#### EXERCISE DESCRIPTION
Across all the records, filter for lines with the word "False" and copy them.

Source data:
::::::::

lemma zeros_strict_mono_bitwise_le: "bitwise_le y x \<Longrightarrow> y \<noteq> x \<Longrightarrow> zeros x < zeros y"
proof (induction x arbitrary: y)
  case Nil
  then show ?case by (simp add: bitwise_le_def)
next
  case (Cons a as)
  then obtain b bs where y: "y = b # bs" and le: "bitwise_le bs as" and "b \<longrightarrow> a"
    by (auto simp: bitwise_le_def list_all2_Cons2)
  with Cons zeros_mono_bitwise_le[OF le] show ?case
    by (cases a; cases b) auto
qed

lemma expectation_mutate_bitwise_le:
  assumes "0 \<le> p" "p \<le> 1"
  shows "measure_pmf.expectation (mutate p x) (\<lambda>y. of_bool (bitwise_le y x)) = (1 - p) ^ zeros x"
proof (induction x)
  case Nil
  then show ?case by (simp add: bitwise_le_def)
next
  case (Cons b bs)
  then show ?case
    using assms
    by (subst expectation_mutate_Cons[OF assms], cases b)
       (simp_all del: mutate.simps add: bitwise_le_def algebra_simps)
qed

lemma expectation_mutate_unchanged:
  assumes "0 \<le> p" "p \<le> 1"
  shows "measure_pmf.expectation (mutate p x) (\<lambda>y. of_bool (y = x)) = (1 - p) ^ length x"
proof (induction x)
  case Nil
  then show ?case by simp
next
  case (Cons b bs)
  then show ?case
    using assms
    by (subst expectation_mutate_Cons[OF assms]) (simp del: mutate.simps add: algebra_simps)
qed

lemma expectation_mutate_new_ones:
  assumes "0 \<le> p" "p \<le> 1"
  shows "measure_pmf.expectation (mutate p x) (\<lambda>y. real (new_ones x y)) = p * zeros x"
proof (induction x)
  case Nil
  then show ?case by simp
next
  case (Cons b bs)
  have "integrable (measure_pmf (mutate p bs)) g" for g :: "_ \<Rightarrow> real"
    by (rule integrable_measure_pmf_finite[OF finite_set_pmf_mutate])
  with Cons assms show ?case
    by (subst expectation_mutate_Cons[OF assms], cases b)
       (simp_all del: mutate.simps add: algebra_simps)
qed

lemma expectation_mutate_proper_bitwise_le:
  assumes "0 \<le> p" "p \<le> 1"
  shows "measure_pmf.expectation (mutate p x) (\<lambda>y. of_bool (bitwise_le y x \<and> y \<noteq> x))
       = (1 - p) ^ zeros x - (1 - p) ^ length x"
proof -
  have "bitwise_le x x"
    by (simp add: bitwise_le_def list.rel_refl)
  then have "measure_pmf.expectation (mutate p x) (\<lambda>y. of_bool (bitwise_le y x \<and> y \<noteq> x))
      = measure_pmf.expectation (mutate p x) (\<lambda>y. of_bool (bitwise_le y x) - of_bool (y = x))"
    by (intro Bochner_Integration.integral_cong) auto
  also have "\<dots> = (1 - p) ^ zeros x - (1 - p) ^ length x"
    using assms
    by (subst Bochner_Integration.integral_diff)
       (auto simp: integrable_measure_pmf_finite[OF finite_set_pmf_mutate]
                   expectation_mutate_bitwise_le expectation_mutate_unchanged)
  finally show ?thesis .
qed

lemma iid_list_Suc_map_pmf:
  "iid_list (Suc k) M = bind_pmf M (\<lambda>y. map_pmf ((#) y) (iid_list k M))"
  by (simp add: map_pmf_def)

lemma set_pmf_iid_list:
  "ys \<in> set_pmf (iid_list k M) \<Longrightarrow> length ys = k \<and> set ys \<subseteq> set_pmf M"
  by (induction k arbitrary: ys) (auto, blast)

lemma finite_set_pmf_iid_list: "finite (set_pmf M) \<Longrightarrow> finite (set_pmf (iid_list k M))"
  by (induction k) auto

lemma expectation_iid_list_Suc:
  fixes g :: "_ \<Rightarrow> real"
  assumes "finite (set_pmf M)"
  shows "measure_pmf.expectation (iid_list (Suc k) M) g =
         measure_pmf.expectation M (\<lambda>y. measure_pmf.expectation (iid_list k M) (\<lambda>ys. g (y # ys)))"
  unfolding iid_list_Suc_map_pmf
  by (subst expectation_bind_pmf_finite)
     (use assms in \<open>simp_all add: finite_set_pmf_iid_list flip: iid_list_Suc_map_pmf\<close>)

lemma expectation_iid_list_all:
  assumes fin: "finite (set_pmf M)"
  shows "measure_pmf.expectation (iid_list k M) (\<lambda>ys. of_bool (list_all P ys) :: real)
       = measure_pmf.expectation M (\<lambda>y. of_bool (P y)) ^ k"
proof (induction k)
  case 0
  then show ?case by simp
next
  case (Suc k)
  have "measure_pmf.expectation (iid_list (Suc k) M) (\<lambda>ys. of_bool (list_all P ys) :: real)
      = measure_pmf.expectation M
          (\<lambda>y. measure_pmf.expectation (iid_list k M) (\<lambda>ys. of_bool (P y \<and> list_all P ys)))"
    by (simp only: expectation_iid_list_Suc[OF fin] list.pred_inject(2))
  also have "\<dots> = measure_pmf.expectation M (\<lambda>y. of_bool (P y)
          * measure_pmf.expectation (iid_list k M) (\<lambda>ys. of_bool (list_all P ys)))"
    by (simp del: iid_list.simps add: of_bool_conj)
  finally show ?case
    using Suc by simp
qed

lemma expectation_iid_list_sum_list:
  fixes D :: "_ \<Rightarrow> real"
  assumes fin: "finite (set_pmf M)"
  shows "measure_pmf.expectation (iid_list k M) (\<lambda>ys. sum_list (map D ys))
       = k * measure_pmf.expectation M D"
proof (induction k)
  case 0
  then show ?case by simp
next
  case (Suc k)
  have "integrable (measure_pmf (iid_list k M)) g" for g :: "_ \<Rightarrow> real"
    by (simp add: integrable_measure_pmf_finite finite_set_pmf_iid_list fin)
  moreover have "integrable (measure_pmf M) D"
    by (simp add: integrable_measure_pmf_finite fin)
  ultimately show ?case
    using Suc by (simp del: iid_list.simps add: expectation_iid_list_Suc[OF fin] algebra_simps)
qed

lemma set_pmf_select_best:
  assumes "ys \<noteq> []"
  shows "set_pmf (select_best f ys) \<subseteq> set ys"
proof -
  define I where "I = {i. i < length ys \<and> (\<forall>j<length ys. f (ys ! j) \<le> f (ys ! i))}"
  have "Max (f ` set ys) \<in> f ` set ys"
    using assms by (intro Max_in) auto
  then obtain m where m: "m \<in> set ys" "f m = Max (f ` set ys)"
    by (metis imageE)
  then obtain i where "i < length ys" "ys ! i = m"
    by (auto simp: in_set_conv_nth)
  with m have "i \<in> I"
    unfolding I_def by auto
  then have "set_pmf (pmf_of_set I) = I"
    by (intro set_pmf_of_set) (auto simp: I_def)
  then show ?thesis
    unfolding select_best_def I_def[symmetric] by (auto simp: I_def)
qed

lemma finite_set_pmf_select_best: "ys \<noteq> [] \<Longrightarrow> finite (set_pmf (select_best f ys))"
  using set_pmf_select_best finite_subset by blast

lemma zeros_gain_ge:
  assumes "y \<in> set ys" "length y = length x"
  shows "of_bool (list_all (\<lambda>z. bitwise_le z x \<and> z \<noteq> x) ys)
           - (\<Sum>z\<leftarrow>ys. real (new_ones x z))
         \<le> real (zeros y) - real (zeros x)"
proof (cases "list_all (\<lambda>z. bitwise_le z x \<and> z \<noteq> x) ys")
  case True
  with assms(1) have "zeros x < zeros y"
    by (auto simp: list_all_iff intro: zeros_strict_mono_bitwise_le)
  moreover have "0 \<le> (\<Sum>z\<leftarrow>ys. real (new_ones x z))"
    by (intro sum_list_nonneg) auto
  ultimately show ?thesis
    using True by simp
next
  case False
  have "real (new_ones x y) \<le> (\<Sum>z\<leftarrow>ys. real (new_ones x z))"
    using assms(1) by (intro member_le_sum_list) auto
  with zeros_le_zeros_add_new_ones[OF assms(2)] False show ?thesis
    by simp
qed

lemma expectation_zeros_gain_select_best_ge:
  fixes p :: real
  assumes p: "0 \<le> p" "p \<le> 1" and "k \<ge> 1"
  shows "((1 - p) ^ zeros x - (1 - p) ^ length x) ^ k - k * (p * zeros x)
         \<le> measure_pmf.expectation (bind_pmf (iid_list k (mutate p x)) (select_best f))
              (\<lambda>y. real (zeros y) - real (zeros x))"
proof -
  define Q where "Q = iid_list k (mutate p x)"
  define h where "h ys = of_bool (list_all (\<lambda>z. bitwise_le z x \<and> z \<noteq> x) ys)
                          - (\<Sum>z\<leftarrow>ys. real (new_ones x z))" for ys
  have finQ: "finite (set_pmf Q)"
    unfolding Q_def by (intro finite_set_pmf_iid_list finite_set_pmf_mutate)
  have intQ: "integrable (measure_pmf Q) g" for g :: "_ \<Rightarrow> real"
    by (rule integrable_measure_pmf_finite[OF finQ])
  have nonempty: "ys \<noteq> []" if "ys \<in> set_pmf Q" for ys
    using set_pmf_iid_list[OF that[unfolded Q_def]] \<open>k \<ge> 1\<close> by auto
  have "((1 - p) ^ zeros x - (1 - p) ^ length x) ^ k - k * (p * zeros x)
      = measure_pmf.expectation Q h"
    unfolding h_def Q_def using p
    by (subst Bochner_Integration.integral_diff)
       (simp_all add: intQ[unfolded Q_def] finite_set_pmf_mutate expectation_iid_list_all
          expectation_iid_list_sum_list expectation_mutate_proper_bitwise_le
          expectation_mutate_new_ones)
  also have "\<dots> \<le> measure_pmf.expectation Q
                   (\<lambda>ys. measure_pmf.expectation (select_best f ys)
                          (\<lambda>y. real (zeros y) - real (zeros x)))"
  proof (intro integral_mono_AE intQ, unfold AE_measure_pmf_iff, intro ballI)
    fix ys assume ys: "ys \<in> set_pmf Q"
    show "h ys \<le> measure_pmf.expectation (select_best f ys) (\<lambda>y. real (zeros y) - real (zeros x))"
    proof (intro measure_pmf.integral_ge_const integrable_measure_pmf_finite
             finite_set_pmf_select_best nonempty ys, unfold AE_measure_pmf_iff, intro ballI)
      fix y assume "y \<in> set_pmf (select_best f ys)"
      then have "y \<in> set ys"
        using set_pmf_select_best[OF nonempty[OF ys]] by auto
      moreover have "length y = length x"
        using \<open>y \<in> set ys\<close> set_pmf_iid_list[OF ys[unfolded Q_def]] length_mutate by auto
      ultimately show "h ys \<le> real (zeros y) - real (zeros x)"
        unfolding h_def by (rule zeros_gain_ge)
    qed
  qed
  also have "\<dots> = measure_pmf.expectation (bind_pmf Q (select_best f))
                   (\<lambda>y. real (zeros y) - real (zeros x))"
    by (rule expectation_bind_pmf_finite[symmetric])
       (use finQ nonempty finite_set_pmf_select_best in auto)
  finally show ?thesis
    unfolding Q_def .
qed
(* Let $(V,\mathcal H,\iota,W)$ be a generalized functional theory. The dimension of the set $\iota^*(\mathcal E)$ of ensemble-state-representable densities equals $\dim V-\dim\iota^{-1}(\mathrm{span}\{\mathbb 1\})$. In particular $\iota^*(\mathcal E)$ has full dimension in $V^*$ if and only if $\iota$ is injective and $\mathbb 1$ is not in the image of $\iota$; precisely, $\mathrm{aff}(\iota^*(\mathcal E))=V^*$ if and only if $\iota^{-1}(\mathrm{span}\{\mathbb 1\})=0$.
   Context: A generalized functional theory is a tuple $(V,\mathcal H,\iota,W)$ with $V$ a finite-dimensional real vector space, $\mathcal H$ a finite-dimensional complex Hilbert space, $\iota:V\to i\mathfrak u(\mathcal H)$ a linear map into the Hermitian operators, and $W$ Hermitian. Density operators are regarded as elements of $(i\mathfrak u(\mathcal H))^*$ via the trace pairing; $\iota^*$ is the dual map. $\mathcal E$ is the set of density operators, $\mathbb 1$ the identity on $\mathcal H$, and $\mathrm{aff}$ the affine hull. *)

theory Defs
  imports "HOL-Analysis.Analysis"
begin

definition hermitian_op :: "complex^'n^'n \<Rightarrow> bool" where
  "hermitian_op A \<longleftrightarrow> (\<forall>i j. A$i$j = cnj (A$j$i))"

definition density_op :: "complex^'n^'n \<Rightarrow> bool" where
  "density_op \<rho> \<longleftrightarrow> hermitian_op \<rho>
     \<and> (\<forall>x::complex^'n. \<exists>r::real. r \<ge> 0 \<and> (\<Sum>i\<in>UNIV. cnj (x$i) * (\<rho> *v x)$i) = of_real r)
     \<and> trace \<rho> = 1"

definition density_ops :: "(complex^'n^'n) set" where
  "density_ops = {\<rho>. density_op \<rho>}"

text \<open>Generalized functional theory (V, H, iota, W) with V = real^'k,
  H = complex^'n: iota real-linear with Hermitian values, W Hermitian.\<close>
definition gen_functional_theory :: "(real^'k \<Rightarrow> complex^'n^'n) \<Rightarrow> complex^'n^'n \<Rightarrow> bool" where
  "gen_functional_theory \<iota> W \<longleftrightarrow> linear \<iota> \<and> (\<forall>v. hermitian_op (\<iota> v)) \<and> hermitian_op W"

text \<open>Dual map iota^* applied to a density operator rho, i.e. the functional
  v \<mapsto> tr(rho iota(v)) in V^*, written in coordinates w.r.t. the dual of the
  standard basis of V = real^'k (so V^* is identified with real^'k).\<close>
definition iota_star :: "(real^'k \<Rightarrow> complex^'n^'n) \<Rightarrow> complex^'n^'n \<Rightarrow> real^'k" where
  "iota_star \<iota> \<rho> = (\<chi> i. Re (trace (\<rho> ** \<iota> (axis i 1))))"

end

theory Submission
  imports Defs
begin

(*
  Fix a density operator \<sigma>. The affine dimension of \<iota>\<^sup>*(\<E>) is the dimension of the span of
  the differences \<iota>\<^sup>*(\<rho>) - \<iota>\<^sup>*(\<sigma>), i.e. dim V minus the dimension of its orthogonal
  complement, and v lies in that complement iff tr(\<rho> \<iota>(v)) is the same for all density operators.
  Testing on the pure states of e_i, (e_i + e_j)/\<surd>2 and (e_i + i e_j)/\<surd>2 shows that a Hermitian
  operator with the same expectation value in every state is a real multiple of the identity; the
  converse holds because states have trace 1. So the complement is the preimage K of span {1}
  under \<iota>, and as the identity is nonzero, K = 0 iff \<iota> is injective and misses the identity.
*)

lemma norm_axis: "norm (axis i x) = norm (x::'a::real_inner)"
  unfolding norm_eq_sqrt_inner inner_axis_axis by simp

lemma norm_axis_add_axis:
  assumes "i \<noteq> j"
  shows "(norm (axis i x + axis j y))\<^sup>2 = (norm x)\<^sup>2 + (norm (y::'a::real_inner))\<^sup>2"
  using assms by (simp add: norm_add_Pythagorean orthogonal_def inner_axis_axis norm_axis)

lemma norm_power2_vec_complex: "(norm (u::complex^'n))\<^sup>2 = (\<Sum>i\<in>UNIV. (cmod (u$i))\<^sup>2)"
  by (simp add: norm_vec_def L2_set_def sum_nonneg)

lemma matrix_vector_mult_axis: "((B::'a::semiring_1^'n^'m) *v axis i x)$k = B$k$i * x"
  by (simp add: matrix_vector_mult_def axis_def if_distrib[of "times _"] cong: if_cong)

lemma trace_scaleR: "trace (c *\<^sub>R A) = c *\<^sub>R trace (A :: 'a::real_algebra_1^'n^'n)"
  by (simp add: trace_def scaleR_sum_right)

lemma inner_vec_lambda_linear_axis:
  fixes f :: "real^'k \<Rightarrow> real"
  assumes "linear f"
  shows "(\<chi> i. f (axis i 1)) \<bullet> v = f v"
proof -
  have "f v = f (\<Sum>i\<in>UNIV. v$i *\<^sub>R axis i 1)"
    using basis_expansion[of v] by (simp add: scalar_mult_eq_scaleR)
  also have "\<dots> = (\<Sum>i\<in>UNIV. v$i * f (axis i 1))"
    using assms by (simp add: linear_sum linear_scale)
  finally show ?thesis
    by (simp add: inner_vec_def mult.commute)
qed

lemma aff_dim_add_dim_orthogonal_differences:
  fixes S :: "'a::euclidean_space set"
  assumes "a \<in> S"
  shows "aff_dim S + int (dim {y. \<forall>x\<in>S. x \<bullet> y = a \<bullet> y}) = int DIM('a)"
proof -
  define D where "D = (\<lambda>x. x - a) ` S"
  have "{y. \<forall>x\<in>S. x \<bullet> y = a \<bullet> y} = {y \<in> UNIV. \<forall>x \<in> span D. orthogonal x y}"
  proof (intro set_eqI iffI)
    fix y assume "y \<in> {y. \<forall>x\<in>S. x \<bullet> y = a \<bullet> y}"
    then have "orthogonal y d" if "d \<in> D" for d
      using that by (auto simp: D_def orthogonal_def inner_diff_right inner_commute)
    then have "orthogonal y x" if "x \<in> span D" for x
      using orthogonal_to_span[OF that] by blast
    then show "y \<in> {y \<in> UNIV. \<forall>x \<in> span D. orthogonal x y}"
      by (simp add: orthogonal_commute)
  next
    fix y assume y: "y \<in> {y \<in> UNIV. \<forall>x \<in> span D. orthogonal x y}"
    have "orthogonal (x - a) y" if "x \<in> S" for x
      using y span_base[of "x - a" D] that by (simp add: D_def)
    then show "y \<in> {y. \<forall>x\<in>S. x \<bullet> y = a \<bullet> y}"
      by (simp add: orthogonal_def inner_diff_left)
  qed
  moreover have "dim {y \<in> UNIV. \<forall>x \<in> span D. orthogonal x y} + dim (span D) = dim (UNIV :: 'a set)"
    by (rule dim_subspace_orthogonal_to_vectors) (simp_all add: subspace_span)
  moreover have "aff_dim S = int (dim D)"
    unfolding D_def by (rule aff_dim_eq_dim_subtract) (rule hull_inc[OF assms])
  ultimately show ?thesis
    by simp
qed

::::::::

#### RESULT OF THE EXERCISE
  case False
  with zeros_le_zeros_add_new_ones[OF assms(2)] False show ?thesis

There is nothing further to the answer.